I have written a code to calculate RMSE error between observed and simulated data. But I want to do this only for the month of January only. The text file has data with date in first column, simulated data in 2nd column and observed data in 3rd column.
The format of data is as below:
DATE cout rout coub cinf
UNITS m3/s m3/s m3/s m3/s
1981-01-01 292.234 305 0 292.234
1981-01-02 293.152 320 0 293.152
1981-01-03 293.985 324 0 293.985
1981-01-04 295.115 308 0 295.115
1981-01-05 296.579 326 0 296.579
1981-01-06 298.266 344 0 298.266
1981-01-07 300.084 342 0 300.084
1981-01-08 301.945 329 0 301.945
1981-01-09 303.747 357 0 303.747
1981-01-10 305.437 351 0 305.437
1981-01-11 306.967 352 0 306.967
1981-01-12 308.281 382 0 308.28
The code below is written to calculate RMSE for entire dataset irrespective of dates:
# Function that returns Root Mean Squared Error
# set the working directory
setwd("D:\\Results\\")
# Get the header 1st line of the data
header <-scan("4001968.txt", nlines=1, what =character())

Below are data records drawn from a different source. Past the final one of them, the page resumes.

(* Let $t_0>0$, $q>0$, let $\lambda:[t_0,+\infty[\to\,]0,+\infty[$ be continuous and let $\tau(t)=\frac{1}{q^q}\big(t_0+\int_{t_0}^t[\lambda(r)]^{1/q}dr\big)^q$ for $t\ge t_0$. Suppose there exist $C_0>0$ and real numbers $b>a\ge 0$ such that $$\int_{t_0}^t[\tau(r)]^a[\lambda(r)]^{-b}\,dr\le C_0\qquad\forall t\ge t_0 .$$ Then there exists $C_1>0$ such that $\tau(t)\ge C_1(t-t_0)^{\frac{qb+1}{b-a}}$ for all $t\ge t_0$. *)

theory Defs
  imports "HOL-Analysis.Analysis"
begin

end

theory Submission
  imports Defs
begin

text \<open>
  Put L(t) = t0 + \<integral>[t0,t] \<lambda>^(1/q), so that \<tau> = (L/q)^q and L' = \<lambda>^(1/q).
  For \<theta> = 1/(qb+1) the weighted geometric mean (\<tau>^a \<lambda>^(-b))^\<theta> (L^(-a/b) L')^(1-\<theta>)
  is constant, since the powers of \<lambda> and of L cancel. Hoelder's inequality on [t0,t]
  therefore bounds t - t0 by a constant times C0^\<theta> (\<integral> L^(-a/b) L')^(1-\<theta>), and the
  last integral is at most b/(b-a) L(t)^((b-a)/b). Hence t - t0 is at most a constant
  times L(t)^(q(b-a)/(qb+1)), and solving for L(t)^q gives the growth of \<tau>.
\<close>

lemma Holder_integral_powr_mult_le:
  fixes f g :: "'a::euclidean_space \<Rightarrow> real"
  assumes f: "f integrable_on S" and g: "g integrable_on S"
    and fg: "(\<lambda>x. f x powr \<theta> * g x powr (1 - \<theta>)) integrable_on S"
    and f_nonneg: "\<And>x. x \<in> S \<Longrightarrow> 0 \<le> f x" and g_nonneg: "\<And>x. x \<in> S \<Longrightarrow> 0 \<le> g x"
    and \<theta>: "0 < \<theta>" "\<theta> < 1"
    and A: "integral S f \<le> A" "0 < A" and B: "integral S g \<le> B" "0 < B"
  shows "integral S (\<lambda>x. f x powr \<theta> * g x powr (1 - \<theta>)) \<le> A powr \<theta> * B powr (1 - \<theta>)"
proof -
  define M where "M = A powr \<theta> * B powr (1 - \<theta>)"
  have M_pos: "0 < M" unfolding M_def using A B by simp
  have young: "f x powr \<theta> * g x powr (1 - \<theta>) \<le> M * \<theta> / A * f x + M * (1 - \<theta>) / B * g x"
    if "x \<in> S" for x
  proof (cases "f x = 0 \<or> g x = 0")
    case True
    then show ?thesis
      using that \<theta> A B M_pos f_nonneg g_nonneg by (auto intro!: mult_nonneg_nonneg add_nonneg_nonneg)
  next
    case False
    then have "(f x / A) powr \<theta> * (g x / B) powr (1 - \<theta>) \<le> \<theta> * (f x / A) + (1 - \<theta>) * (g x / B)"
      using that \<theta> A B f_nonneg[of x] g_nonneg[of x] by (intro Youngs_inequality_0) auto
    then show ?thesis
      using that A B M_pos f_nonneg[of x] g_nonneg[of x]
      by (simp add: M_def powr_divide field_simps)
  qed
  have "integral S (\<lambda>x. f x powr \<theta> * g x powr (1 - \<theta>))
      \<le> integral S (\<lambda>x. M * \<theta> / A * f x + M * (1 - \<theta>) / B * g x)"
    using f g fg young by (intro integral_le integrable_add integrable_on_mult_right) auto
  also have "\<dots> = M * \<theta> / A * integral S f + M * (1 - \<theta>) / B * integral S g"
    by (simp only: integral_add[OF integrable_on_mult_right[OF f] integrable_on_mult_right[OF g]]
        integral_mult_right)
  also have "\<dots> \<le> M * \<theta> / A * A + M * (1 - \<theta>) / B * B"
    using A B \<theta> M_pos by (intro add_mono mult_left_mono) auto
  also have "\<dots> = M"
    using A B by (simp add: field_simps)
  finally show ?thesis unfolding M_def .
qed

lemma powr_chain_has_integral:
  fixes L g :: "real \<Rightarrow> real"
  assumes "s \<le> t" "p \<noteq> 0"
    and L_deriv: "\<And>r. r \<in> {s..t} \<Longrightarrow> (L has_real_derivative g r) (at r within {s..t})"
    and L_pos: "\<And>r. r \<in> {s..t} \<Longrightarrow> 0 < L r"
  shows "((\<lambda>r. L r powr (p - 1) * g r) has_integral (L t powr p - L s powr p) / p) {s..t}"
proof -
  have "((\<lambda>r. L r powr p / p) has_real_derivative L r powr (p - 1) * g r) (at r within {s..t})"
    if "r \<in> {s..t}" for r
    using DERIV_cdivide[OF DERIV_chain2[OF has_real_derivative_powr[where r=p, OF L_pos[OF that]]
        L_deriv[OF that]], where c=p] \<open>p \<noteq> 0\<close>
    by simp
  then have "((\<lambda>r. L r powr (p - 1) * g r) has_integral L t powr p / p - L s powr p / p) {s..t}"
    by (intro fundamental_theorem_of_calculus \<open>s \<le> t\<close>)
       (simp add: has_real_derivative_iff_has_vector_derivative[symmetric])
  then show ?thesis by (simp add: diff_divide_distrib)
qed

lemma weighted_geometric_mean_eq:
  fixes q a b x y :: real
  assumes "0 < q" "0 < b" "0 < x" "0 < y"
  shows "(((1 / q powr q) * x powr q) powr a * y powr (- b)) powr (1 / (q * b + 1))
       * (x powr (- a / b) * y powr (1 / q)) powr (q * b / (q * b + 1))
       = q powr (- q * a / (q * b + 1))"
    (is "?lhs = ?rhs")
proof -
  have "ln ?lhs = (a * q * (ln x - ln q) - b * ln y + q * b * (ln y / q - a / b * ln x)) / (q * b + 1)"
    using assms
    by (simp add: ln_mult ln_powr ln_div add_divide_distrib diff_divide_distrib right_diff_distrib)
  also have "\<dots> = - q * a * ln q / (q * b + 1)"
    using assms by (simp add: algebra_simps)
  also have "\<dots> = ln ?rhs"
    using assms by (simp add: ln_powr)
  finally show ?thesis
    using assms by (subst ln_inj_iff[symmetric]) auto
qed

lemma primitive_growth_bound:
  fixes lam L :: "real \<Rightarrow> real" and q a b C0 t0 t :: real
  assumes q: "0 < q" and ab: "0 \<le> a" "a < b" and C0: "0 < C0" and "t0 \<le> t"
    and lam_cont: "continuous_on {t0..t} lam"
    and lam_pos: "\<And>r. r \<in> {t0..t} \<Longrightarrow> 0 < lam r"
    and L_deriv: "\<And>r. r \<in> {t0..t} \<Longrightarrow>
        (L has_real_derivative lam r powr (1 / q)) (at r within {t0..t})"
    and L_pos: "\<And>r. r \<in> {t0..t} \<Longrightarrow> 0 < L r"
    and bound: "integral {t0..t} (\<lambda>r. ((1 / q powr q) * L r powr q) powr a * lam r powr (- b)) \<le> C0"
  shows "q powr (- q * a / (q * b + 1)) * (t - t0)
       \<le> C0 powr (1 / (q * b + 1)) * (b / (b - a)) powr (q * b / (q * b + 1))
         * L t powr (q * (b - a) / (q * b + 1))"
proof -
  have b: "0 < b"
    using ab by linarith
  have d: "0 < q * b + 1"
    using q b by (simp add: add_pos_pos)
  define \<theta> where "\<theta> = 1 / (q * b + 1)"
  have \<theta>: "0 < \<theta>" "\<theta> < 1" "1 - \<theta> = q * b / (q * b + 1)"
    unfolding \<theta>_def using q b d by (auto simp: field_simps)
  define f where "f r = ((1 / q powr q) * L r powr q) powr a * lam r powr (- b)" for r
  define h where "h r = L r powr (- a / b) * lam r powr (1 / q)" for r
  define p where "p = (b - a) / b"
  have p: "0 < p" "p - 1 = - a / b"
    unfolding p_def using ab b by (auto simp: field_simps)
  have L_cont: "continuous_on {t0..t} L"
    using L_deriv by (rule DERIV_continuous_on)
  have f_int: "f integrable_on {t0..t}"
    unfolding f_def using L_pos lam_pos q
    by (intro integrable_continuous_interval continuous_intros L_cont lam_cont continuous_on_powr)
       (fastforce dest: L_pos lam_pos)+
  have h_has_int: "(h has_integral (L t powr p - L t0 powr p) / p) {t0..t}"
    using powr_chain_has_integral[OF \<open>t0 \<le> t\<close> _ L_deriv L_pos, of p] p unfolding h_def by simp
  have h_le: "integral {t0..t} h \<le> L t powr p / p"
    using integral_unique[OF h_has_int] p by (simp add: diff_divide_distrib)
  have mean_eq: "f r powr \<theta> * h r powr (1 - \<theta>) = q powr (- q * a / (q * b + 1))"
    if "r \<in> {t0..t}" for r
    using weighted_geometric_mean_eq[OF q b L_pos[OF that] lam_pos[OF that]] \<theta>(3)
    unfolding f_def h_def \<theta>_def by simp
  have "q powr (- q * a / (q * b + 1)) * (t - t0)
      = integral {t0..t} (\<lambda>_. q powr (- q * a / (q * b + 1)))"
    using \<open>t0 \<le> t\<close> by simp
  also have "\<dots> = integral {t0..t} (\<lambda>r. f r powr \<theta> * h r powr (1 - \<theta>))"
    using mean_eq by (intro integral_cong) simp
  also have "\<dots> \<le> C0 powr \<theta> * (L t powr p / p) powr (1 - \<theta>)"
  proof (rule Holder_integral_powr_mult_le[OF f_int has_integral_integrable[OF h_has_int]])
    show "(\<lambda>r. f r powr \<theta> * h r powr (1 - \<theta>)) integrable_on {t0..t}"
      by (rule integrable_eq[of "\<lambda>_. q powr (- q * a / (q * b + 1))"]) (auto simp: mean_eq)
  qed (use \<theta> C0 p h_le bound[folded f_def[abs_def]] L_pos[of t] \<open>t0 \<le> t\<close> in \<open>auto simp: f_def h_def\<close>)
  also have "\<dots> = C0 powr \<theta> * (1 / p) powr (1 - \<theta>) * L t powr (p * (1 - \<theta>))"
    using p L_pos[of t] \<open>t0 \<le> t\<close> by (simp add: powr_divide powr_powr)
  also have "1 / p = b / (b - a)"
    unfolding p_def by simp
  also have "p * (1 - \<theta>) = q * (b - a) / (q * b + 1)"
    unfolding p_def \<theta>(3) using b by simp
  finally show ?thesis
    unfolding \<theta>_def \<theta>(3)[unfolded \<theta>_def] .
qed

lemma powr_le_mult_powr_imp_powr_le:
  fixes c K e x y q :: real
  assumes "0 < c" "0 < K" "0 < e" "0 \<le> x" "0 < y"
    and "c * x \<le> K * y powr (q / e)"
  shows "(c / K) powr e * x powr e \<le> y powr q"
proof -
  have "(c / K) powr e * x powr e = (c / K * x) powr e"
    using assms by (simp add: powr_mult[symmetric])
  also have "\<dots> \<le> (y powr (q / e)) powr e"
    using assms by (intro powr_mono2) (auto simp: field_simps)
  also have "\<dots> = y powr q"
    using assms by (simp add: powr_powr)
  finally show ?thesis .
qed

lemma offset_primitive:
  fixes g :: "real \<Rightarrow> real"
  assumes "0 < t0" "continuous_on {t0..t} g" "\<And>r. r \<in> {t0..t} \<Longrightarrow> 0 \<le> g r" "r \<in> {t0..t}"
  shows "((\<lambda>s. t0 + integral {t0..s} g) has_real_derivative g r) (at r within {t0..t})"
    and "0 < t0 + integral {t0..r} g"
proof -
  show "((\<lambda>s. t0 + integral {t0..s} g) has_real_derivative g r) (at r within {t0..t})"
    using DERIV_add[OF DERIV_const integral_has_real_derivative[OF assms(2,4)]] by simp
  have "continuous_on {t0..r} g"
    using assms(2) by (rule continuous_on_subset) (use assms(4) in auto)
  then have "0 \<le> integral {t0..r} g"
    using assms(3,4) by (intro integral_nonneg integrable_continuous_interval) auto
  then show "0 < t0 + integral {t0..r} g"
    using assms(1) by simp
qed

theorem mainTheorem2:
  fixes t0 q a b C0 :: real and lam tau :: "real \<Rightarrow> real"
  assumes t0_pos: "t0 > 0" and q_pos: "q > 0"
    and lam_cont: "continuous_on {t0..} lam"
    and lam_pos: "\<And>t. t \<ge> t0 \<Longrightarrow> lam t > 0"
    and tau_def: "\<And>t. t \<ge> t0 \<Longrightarrow>
        tau t = (1 / q powr q) * (t0 + integral {t0..t} (\<lambda>r. lam r powr (1 / q))) powr q"
    and C0_pos: "C0 > 0" and ab: "0 \<le> a" "a < b"
    and bound: "\<And>t. t \<ge> t0 \<Longrightarrow>
        integral {t0..t} (\<lambda>r. tau r powr a * lam r powr (- b)) \<le> C0"
  shows "\<exists>C1 > 0. \<forall>t \<ge> t0. tau t \<ge> C1 * (t - t0) powr ((q * b + 1) / (b - a))"
proof -
  define L where "L t = t0 + integral {t0..t} (\<lambda>r. lam r powr (1 / q))" for t
  define e where "e = (q * b + 1) / (b - a)"
  define c where "c = q powr (- q * a / (q * b + 1))"
  define K where "K = C0 powr (1 / (q * b + 1)) * (b / (b - a)) powr (q * b / (q * b + 1))"
  have e: "0 < e" "q * (b - a) / (q * b + 1) = q / e"
    unfolding e_def using q_pos ab by (auto simp: add_pos_pos)
  have cK: "0 < c" "0 < K"
    unfolding c_def K_def using q_pos C0_pos ab by auto
  have growth: "c * (t - t0) \<le> K * L t powr (q / e) \<and> 0 < L t" if "t0 \<le> t" for t
  proof -
    have lam_cont_t: "continuous_on {t0..t} lam"
      using lam_cont by (rule continuous_on_subset) auto
    then have g_cont: "continuous_on {t0..t} (\<lambda>r. lam r powr (1 / q))"
      using lam_pos by (intro continuous_intros continuous_on_powr) (auto, fastforce)
    have L_deriv: "(L has_real_derivative lam r powr (1 / q)) (at r within {t0..t})"
      and L_pos: "0 < L r" if "r \<in> {t0..t}" for r
      using offset_primitive[OF t0_pos g_cont _ that] unfolding L_def[abs_def] by auto
    have "integral {t0..t} (\<lambda>r. tau r powr a * lam r powr (- b))
        = integral {t0..t} (\<lambda>r. ((1 / q powr q) * L r powr q) powr a * lam r powr (- b))"
      by (rule integral_cong) (simp add: tau_def L_def)
    then show ?thesis
      using primitive_growth_bound[OF q_pos ab C0_pos that lam_cont_t _ L_deriv L_pos] L_pos[of t]
        bound[OF that] lam_pos e(2) that
      unfolding c_def K_def by simp
  qed
  show ?thesis
  proof (intro exI[of _ "(c / K) powr e / q powr q"] conjI allI impI)
    fix t assume "t0 \<le> t"
    then have "(c / K) powr e * (t - t0) powr e \<le> L t powr q"
      using powr_le_mult_powr_imp_powr_le[OF cK e(1)] growth by simp
    then show "tau t \<ge> (c / K) powr e / q powr q * (t - t0) powr ((q * b + 1) / (b - a))"
      using tau_def[OF \<open>t0 \<le> t\<close>] q_pos unfolding L_def e_def by (simp add: divide_right_mono)
  qed (use cK q_pos in simp)
qed

end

#Define number of lines to skip, which is 2
y <- read.table("4001968.txt",skip=2,header=F,sep="\t")
# Add the character vector header on as the names component
names(y) <- header
#Function for calculating RMSE
rmse <- function(error)
{
sqrt(mean(error^2))
}
# Convert characater to numeric
y$cout <- as.numeric(as.character(y$cout))
y$rout <- as.numeric(as.character(y$rout))
actual <- y$cout
predicted <- y$rout
# Calculate error
error <- actual - predicted
# Invocation of functions
rmse(error)
The output will be a single value for the month of January only.